- WHAT YOU NEED TO DO:
Copy the listing below in full, exactly as given.

- DATA:
lemma wd_steps_hash_frame:
  assumes gw: "gauss_word (u @ A # v @ B # x)"
    and bound: "labels (u @ A # v @ B # x) \<subseteq> {..<N}"
  shows "wd_step\<^sup>*\<^sup>* (u @ A # v @ B # x) (hash_frame N s b u A v B x)"
proof -
  have fresh: "m \<notin> labels u" "m \<notin> labels v" "m \<notin> labels x" "m \<noteq> lbl A" "m \<noteq> lbl B"
    if "N \<le> m" for m
    using bound that by auto
  define W1 where "W1 = Ltr N True s # Ltr (N+1) True (\<not> s) # u
    @ [Ltr (N+1) False (\<not> s), Ltr N False s] @ A # v @ B # x"
  define mid where "mid = Ltr (N+1) True (\<not> s) # u @ [Ltr (N+1) False (\<not> s), Ltr N False s] @ A # v @ [B]"
  define W2 where "W2 = [Ltr N True s] @ Ltr (N+2) True (\<not> s) # Ltr (N+3) True s
    # mid @ [Ltr (N+2) False (\<not> s), Ltr (N+3) False s] @ x"
  have step1: "wd_step (u @ A # v @ B # x) W1"
    using wd_step_r2[of "[]" u "A # v @ B # x" N "N+1" "[Ltr (N+1) False (\<not> s), Ltr N False s]" s]
      gw fresh unfolding W1_def by simp
  then have gw1: "gauss_word W1" by (rule wd_step_gauss_word)
  have step2: "wd_step W1 W2"
    using wd_step_r2[of "[Ltr N True s]" mid x "N+2" "N+3" "[Ltr (N+2) False (\<not> s), Ltr (N+3) False s]" "\<not> s"]
      gw1 fresh unfolding W1_def W2_def mid_def by simp
  then have gw2: "gauss_word W2" by (rule wd_step_gauss_word)
  have step3: "wd_step W2 (hash_frame N s b u A v B x)"
    using wd_step_r1[of "[Ltr N True s]" "drop 1 W2" "N+4" b "b = s"] gw2 fresh
    unfolding W2_def mid_def hash_frame_def by simp
  show ?thesis using step1 step2 step3 by (meson converse_rtranclp_into_rtranclp r_into_rtranclp)
qed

- OUTPUT:
lemma wd_steps_hash_frame:
  assumes gw: "gauss_word (u @ A # v @ B # x)"
    and bound: "labels (u @ A # v @ B # x) \<subseteq> {..<N}"
  shows "wd_step\<^sup>*\<^sup>* (u @ A # v @ B # x) (hash_frame N s b u A v B x)"
proof -
  have fresh: "m \<notin> labels u" "m \<notin> labels v" "m \<notin> labels x" "m \<noteq> lbl A" "m \<noteq> lbl B"
    if "N \<le> m" for m
    using bound that by auto
  define W1 where "W1 = Ltr N True s # Ltr (N+1) True (\<not> s) # u
    @ [Ltr (N+1) False (\<not> s), Ltr N False s] @ A # v @ B # x"
  define mid where "mid = Ltr (N+1) True (\<not> s) # u @ [Ltr (N+1) False (\<not> s), Ltr N False s] @ A # v @ [B]"
  define W2 where "W2 = [Ltr N True s] @ Ltr (N+2) True (\<not> s) # Ltr (N+3) True s
    # mid @ [Ltr (N+2) False (\<not> s), Ltr (N+3) False s] @ x"
  have step1: "wd_step (u @ A # v @ B # x) W1"
    using wd_step_r2[of "[]" u "A # v @ B # x" N "N+1" "[Ltr (N+1) False (\<not> s), Ltr N False s]" s]
      gw fresh unfolding W1_def by simp
  then have gw1: "gauss_word W1" by (rule wd_step_gauss_word)
  have step2: "wd_step W1 W2"
    using wd_step_r2[of "[Ltr N True s]" mid x "N+2" "N+3" "[Ltr (N+2) False (\<not> s), Ltr (N+3) False s]" "\<not> s"]
      gw1 fresh unfolding W1_def W2_def mid_def by simp
  then have gw2: "gauss_word W2" by (rule wd_step_gauss_word)
  have step3: "wd_step W2 (hash_frame N s b u A v B x)"
    using wd_step_r1[of "[Ltr N True s]" "drop 1 W2" "N+4" b "b = s"] gw2 fresh
    unfolding W2_def mid_def hash_frame_def by simp
  show ?thesis using step1 step2 step3 by (meson converse_rtranclp_into_rtranclp r_into_rtranclp)
qed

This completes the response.